Chartered Bank. ZAP allows subscribers to withdraw cash, pay for goods and services, and make money transfers to third parties. More than 10 million subscribers are already using these services within East Africa.

In January 2010, Zain expanded its ZAP mobile commerce service to Niger, Sierra Leone and Malawi. Zain is working with National Bank of Malawi and NBS Bank in Malawi, EcoBank in Niger, and Zenith Bank in Sierra Leone, ADB says.

South Africa is by far the country where mobile banking is most widely used on the continent. Still, about half of South Africa citizens don’t have bank accounts. Nearly 40 percent are either unemployed or work informal jobs paid in cash. Bank charges are high and banking regulations are so strict – such as proof of regular income – that they prevent many poor people form having formal bank accounts. Moreover, most South Africans live in rural or semi-urban areas where access to a bank is very limited or non-existent.

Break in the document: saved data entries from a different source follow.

theorem corollary2p2:
  fixes d B :: nat and \<alpha> dt \<gamma> :: real
    and rate :: "'l::finite \<Rightarrow> real" and lamP :: "'l \<Rightarrow> 'l \<Rightarrow> real" and lam0 :: "'l \<Rightarrow> real"
    and P :: "nat \<Rightarrow> mgraph pmf" and M :: "rgraph measure"
    and K :: nat and pol :: "nat \<Rightarrow> nat \<Rightarrow> nat \<Rightarrow> real" and i :: nat
  assumes "\<alpha> > 0" and "dt > 0" and "0 < \<gamma>" and "\<gamma> < 1"
    and "\<forall>l. rate l > 0"
    and "\<forall>l l'. lamP l l' \<ge> 0" and "\<forall>l. (\<Sum>l'\<in>UNIV. lamP l l') = 1"
    and "\<forall>l. lam0 l \<ge> 0" and "(\<Sum>l\<in>UNIV. lam0 l) = 1"
    and "\<forall>n. \<forall>G\<in>set_pmf (P n). sys_graph d B G"
    and "prob_space M" and "sets M = sets (Gstar_space B)"
    and "lwc_prob B P M"
    and "\<forall>k<K. \<forall>t s. s \<le> B \<longrightarrow> 0 \<le> pol k t s \<and> pol k t s \<le> 1"
    and "inj_on (\<lambda>j. J_lim B \<alpha> dt \<gamma> rate lamP lam0 M (pol j)) {..<K}"
    and "i < K"
    and "\<forall>j<K. J_lim B \<alpha> dt \<gamma> rate lamP lam0 M (pol j) \<le> J_lim B \<alpha> dt \<gamma> rate lamP lam0 M (pol i)"
  shows "\<exists>n'. \<forall>n>n'. \<forall>j<K.
           J_fin B \<alpha> dt \<gamma> rate lamP lam0 (P n) (pol j) \<le> J_fin B \<alpha> dt \<gamma> rate lamP lam0 (P n) (pol i)"
proof -
  have "(\<lambda>n. J_fin B \<alpha> dt \<gamma> rate lamP lam0 (P n) (pol j)) \<longlonglongrightarrow> J_lim B \<alpha> dt \<gamma> rate lamP lam0 M (pol j)"
    if "j < K" for j
  proof -
    interpret queue_system B \<alpha> dt rate lamP lam0 "pol j" \<gamma>
      using assms(1-9,14) that by unfold_locales (auto intro: less_imp_le)
    show ?thesis
      by (rule J_fin_tendsto_J_lim[OF assms(13,10,11,12)])
  qed
  then obtain n' where "\<forall>n>n'. \<forall>j\<in>{..<K}.
      J_fin B \<alpha> dt \<gamma> rate lamP lam0 (P n) (pol j) \<le> J_fin B \<alpha> dt \<gamma> rate lamP lam0 (P n) (pol i)"
    using assms(15-17)
      eventually_argmax_of_tendsto[where A = "{..<K}" and i = i
        and L = "\<lambda>j. J_lim B \<alpha> dt \<gamma> rate lamP lam0 M (pol j)"
        and f = "\<lambda>n j. J_fin B \<alpha> dt \<gamma> rate lamP lam0 (P n) (pol j)"]
    by auto
  then show ?thesis by auto
qed

end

First National Bank of South Africa has over two million customers and attracts about 90,000 on a monthly basis. In 2009, FNB mobile banking customers made 56 million transactions worth the value of ZAR7.2 billion. Customers can send money to anyone in South Africa, whether they have an account with FNB or not.

South Africans often paid couriers the equivalent of USD30 to USD 50 per transaction to deliver cash to relatives. Now they can do it for only USD0.50 through Wizzit mobile bank networks.

Flash Mobile Cash by Eezi gives home shop owners the tools to be the bank for communities where formal banking infrastructure does not exist. The home shops, equipped with shared-phone ATMs, enable communities to withdraw, deposit or borrow small amounts of cash from their local township residence. The shopkeeper, as the banker, transacts using a GSM enabled device supplied by Shared-phone. “

The MTN Banking MobileMoney Account in 2010 announced plans for a fully-fledged bank account on mobile phones, with an optional credit card. The service will be extended to the 20 countries where MTN operates, including Uganda, Nigeria, Cameroon and Ivory Coast, which combined have over 90 million mobile phone users.

South Africa’s largest mobile phone operator Vodacom has teamed up with Nedbank to unveil an M-PESA mobile-based cash transfer service, similar to the successful one >operating in Kenya. It will initially allow users without access to bank accounts to transfer money using handsets and eventually pay bills and buy goods.